The KOP digital encoders are for 1/4 inch shafts, and the CIMs are 5/16ths. I have ordered a larger unit, but all I have right now is the AS5304. I would like to prove out the concept before trying to program the Jaguar into speed mode through the cRIO, so I would rather get the whole thing running on my test set up with direct PC control before complicating the interface side.
I have been experimenting with Jaguar in speed mode. Refer to the following thread:
It looks like it’s very tricky to get a stable PID control on Speed. I will play with the PID constants some more. If it is still too unstable, I may try to experiment with my own PID algorithm to see if it can do better.
Have you looked at the AS5304 output on an oscilloscope? Do you see pulses?
From the data sheet it appears that the chip needs to be positioned very precisely in relation to the multipole ring magnet to function.

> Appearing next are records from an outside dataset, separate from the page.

lemma
  fixes f :: "'a \<times> 'b \<Rightarrow> real"
  assumes PL: "prob_space PL" and PB: "prob_space PB"
    and f: "f \<in> borel_measurable (PL \<Otimes>\<^sub>M PB)"
    and inner: "\<And>L. L \<in> space PL \<Longrightarrow> integrable PB (\<lambda>B. (f (L, B))\<^sup>2)"
    and outer: "integrable PL (\<lambda>L. \<integral>B. (f (L, B))\<^sup>2 \<partial>PB)"
  shows integrable_pair_measure_square: "integrable (PL \<Otimes>\<^sub>M PB) (\<lambda>z. (f z)\<^sup>2)"
    and integrable_pair_measure: "integrable (PL \<Otimes>\<^sub>M PB) f"
    and integrable_square_integral_snd: "integrable PL (\<lambda>L. (\<integral>B. f (L, B) \<partial>PB)\<^sup>2)"
proof -
  interpret pair_sigma_finite PL PB
    using PL PB by (simp add: pair_sigma_finite_def prob_space_imp_sigma_finite)
  interpret PB: prob_space PB by (fact PB)
  interpret PLB: prob_space "PL \<Otimes>\<^sub>M PB"
    using PL PB by (rule prob_space_pair)
  show f2: "integrable (PL \<Otimes>\<^sub>M PB) (\<lambda>z. (f z)\<^sup>2)"
  proof (rule Fubini_integrable)
    show "(\<lambda>z. (f z)\<^sup>2) \<in> borel_measurable (PL \<Otimes>\<^sub>M PB)"
      using f by measurable
    show "integrable PL (\<lambda>L. \<integral>B. norm ((f (L, B))\<^sup>2) \<partial>PB)"
      using outer by simp
    show "AE L in PL. integrable PB (\<lambda>B. (f (L, B))\<^sup>2)"
      using inner by simp
  qed
  show "integrable (PL \<Otimes>\<^sub>M PB) f"
    using f f2 by (rule PLB.square_integrable_imp_integrable)
  show "integrable PL (\<lambda>L. (\<integral>B. f (L, B) \<partial>PB)\<^sup>2)"
  proof (rule Bochner_Integration.integrable_bound[OF outer])
    show "(\<lambda>L. (\<integral>B. f (L, B) \<partial>PB)\<^sup>2) \<in> borel_measurable PL"
      using f by measurable
    show "AE L in PL. norm ((\<integral>B. f (L, B) \<partial>PB)\<^sup>2) \<le> norm (\<integral>B. (f (L, B))\<^sup>2 \<partial>PB)"
    proof (rule AE_I2)
      fix L assume L: "L \<in> space PL"
      have "integrable PB (\<lambda>B. f (L, B))"
        using measurable_Pair2[OF f L] inner[OF L] by (rule PB.square_integrable_imp_integrable)
      then show "norm ((\<integral>B. f (L, B) \<partial>PB)\<^sup>2) \<le> norm (\<integral>B. (f (L, B))\<^sup>2 \<partial>PB)"
        using power2_integral_le_integral_power2[OF PB _ inner[OF L]] by simp
    qed
  qed
qed

lemma
  fixes f :: "'a \<times> 'b \<Rightarrow> real"
  assumes PL: "prob_space PL" and PB: "prob_space PB"
    and f: "f \<in> borel_measurable (PL \<Otimes>\<^sub>M PB)"
    and inner: "\<And>L. L \<in> space PL \<Longrightarrow> integrable PB (\<lambda>B. (f (L, B))\<^sup>2)"
    and outer: "integrable PL (\<lambda>L. \<integral>B. (f (L, B))\<^sup>2 \<partial>PB)"
  shows integral_pair_measure: "(\<integral>z. f z \<partial>(PL \<Otimes>\<^sub>M PB)) = (\<integral>L. (\<integral>B. f (L, B) \<partial>PB) \<partial>PL)"
    and var_of_pair_measure: "var_of (PL \<Otimes>\<^sub>M PB) f =
      (\<integral>L. var_of PB (\<lambda>B. f (L, B)) \<partial>PL) + var_of PL (\<lambda>L. \<integral>B. f (L, B) \<partial>PB)"
proof -
  interpret pair_sigma_finite PL PB
    using PL PB by (simp add: pair_sigma_finite_def prob_space_imp_sigma_finite)
  interpret PL: prob_space PL by (fact PL)
  interpret PB: prob_space PB by (fact PB)
  note integrable = integrable_pair_measure_square[OF assms] integrable_pair_measure[OF assms]
    integrable_square_integral_snd[OF assms]
  define mean where "mean = (\<lambda>L. \<integral>B. f (L, B) \<partial>PB)"
  define moment2 where "moment2 = (\<lambda>L. \<integral>B. (f (L, B))\<^sup>2 \<partial>PB)"
  have mean_integrable: "integrable PL mean"
  proof (rule PL.square_integrable_imp_integrable)
    show "mean \<in> borel_measurable PL"
      unfolding mean_def using f by measurable
    show "integrable PL (\<lambda>L. (mean L)\<^sup>2)"
      using integrable(3) by (simp add: mean_def)
  qed
  have inner_var: "var_of PB (\<lambda>B. f (L, B)) = moment2 L - (mean L)\<^sup>2" if "L \<in> space PL" for L
  proof -
    have "integrable PB (\<lambda>B. f (L, B))"
      using measurable_Pair2[OF f that] inner[OF that] by (rule PB.square_integrable_imp_integrable)
    then show ?thesis
      unfolding mean_def moment2_def using PB inner[OF that] by (intro var_of_eq)
  qed
  show "(\<integral>z. f z \<partial>(PL \<Otimes>\<^sub>M PB)) = (\<integral>L. (\<integral>B. f (L, B) \<partial>PB) \<partial>PL)"
    using integral_fst'[OF integrable(2)] by simp
  have "(\<integral>z. (f z)\<^sup>2 \<partial>(PL \<Otimes>\<^sub>M PB)) = (\<integral>L. moment2 L \<partial>PL)"
    unfolding moment2_def using integral_fst'[OF integrable(1)] by simp
  moreover have "(\<integral>L. var_of PB (\<lambda>B. f (L, B)) \<partial>PL) =
      (\<integral>L. moment2 L \<partial>PL) - (\<integral>L. (mean L)\<^sup>2 \<partial>PL)"
    using inner_var outer integrable(3)
    by (simp add: mean_def moment2_def cong: Bochner_Integration.integral_cong)
  ultimately show "var_of (PL \<Otimes>\<^sub>M PB) f =
      (\<integral>L. var_of PB (\<lambda>B. f (L, B)) \<partial>PL) + var_of PL (\<lambda>L. \<integral>B. f (L, B) \<partial>PB)"
    using var_of_eq[OF prob_space_pair[OF PL PB] integrable(2,1)]
      var_of_eq[OF PL mean_integrable] integrable(3) integral_fst'[OF integrable(2)]
    by (simp add: mean_def)
qed

lemma integrable_uniform_count_measure:
  "finite A \<Longrightarrow> integrable (uniform_count_measure A) (f :: 'a \<Rightarrow> real)"
  unfolding uniform_count_measure_def by (rule integrable_point_measure_finite)

lemma measurable_sub_sample:
  assumes "u \<in> {..<m} \<rightarrow> I"
  shows "(\<lambda>L. sub_sample m L u) \<in> measurable (PiM I (\<lambda>_. M)) (PiM {..<m} (\<lambda>_. M))"
  unfolding sub_sample_def
proof (rule measurable_restrict)
  fix j assume "j \<in> {..<m}"
  then show "(\<lambda>L. L (u j)) \<in> measurable (PiM I (\<lambda>_. M)) M"
    using assms by (intro measurable_component_singleton) auto
qed

lemma borel_measurable_resampled_mean:
  fixes g :: "'u \<Rightarrow> 'l \<Rightarrow> real"
  assumes "countable U" "sets PU = sets (count_space U)"
    and "\<And>u. u \<in> U \<Longrightarrow> g u \<in> borel_measurable PL"
  shows "(\<lambda>z. (\<Sum>i<N. g (snd z i) (fst z)) / real N) \<in> borel_measurable (PL \<Otimes>\<^sub>M PiM {..<N} (\<lambda>_. PU))"
proof -
  have "(\<lambda>z. g (snd z i) (fst z)) \<in> borel_measurable (PL \<Otimes>\<^sub>M PiM {..<N} (\<lambda>_. PU))"
    if "i \<in> {..<N}" for i
  proof (rule measurable_compose_countable'[OF _ _ assms(1)])
    show "(\<lambda>z. g u (fst z)) \<in> borel_measurable (PL \<Otimes>\<^sub>M PiM {..<N} (\<lambda>_. PU))" if "u \<in> U" for u
      using assms(3)[OF that] by measurable
    have "(\<lambda>z. snd z i) \<in> measurable (PL \<Otimes>\<^sub>M PiM {..<N} (\<lambda>_. PU)) PU"
      using \<open>i \<in> {..<N}\<close> by measurable
    then show "(\<lambda>z. snd z i) \<in> measurable (PL \<Otimes>\<^sub>M PiM {..<N} (\<lambda>_. PU)) (count_space U)"
      using measurable_cong_sets[OF refl assms(2)] by blast
  qed
  then show ?thesis
    by measurable
qed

I did it last year with encoders just fine, and will do it this year after the vision code is squared away. Remember, you need to set all the options (PID constants and such), or else it won’t work.
-> Mike, yes, I have played with PIDs before. For the kicking the soccerball game, I suggested to the team we do a swerve drive, all wheel drive with separate all wheel turning. The PIDs to control the steering motors never worked well using PIDs, so I expect to have some work to do there. Fortunately, this year we do not need instant response to improve over PWM open loop Voltage control.
-> Matt I did not drag the scope over. I may try that soon. I did hook up a DVM to the index and A signals and experiment with a hand held magnet. I got beeps out of the DVM to show a rapid signal change on the Index pulse, and could get a moderate region of voltage change on the A channel. From what I can see, the AS5304 is an analog quadrature detector, with essentially one ‘line’ per revolution. To work on the robot, the A and B outputs would have to connect to the Analog sidecar, but the Index pulse should be digital, or better yet an interrupt pin. This would be a great place for an Arduino/Atmel or PIC to convert the A and B quadrature voltages into a digital angle.
-> Dan I believe that P=1.0;I=0;D=0 is a valid equation, but just in case the Jaguar was doing as you suggest and not implementing the PID at all until all 3 terms are none zero, I was using P=1.0;I=0.001;D=0.001 as a starting point. I commanded a minimalist 1 RPM, but with the measured speed always failing to work and recording as zero, I saw the ramp up function of the I term work perfectly until the Jaguar went into fault mode, probably numeric wrap around.
I still do not know why the index pulse, which is a digital signal, when fed into the Jaguar encoder channel A input as described in the getting started manual fails to measure any speed. Since I don't have this working yet, the magnetic encoder is not bolted down, and I can move it freely over the magnet on the shaft to try for the best position. I found the correct tiny button magnets int he shop and took them home for testing, but now I can not find them. So I am using a much larger ceramic magnet taped in the shaft on edge because the magnetic quadrature needs the difference between north and south to rotate. I verified a good signal using that magnet and orientation on the test bench, so it should work.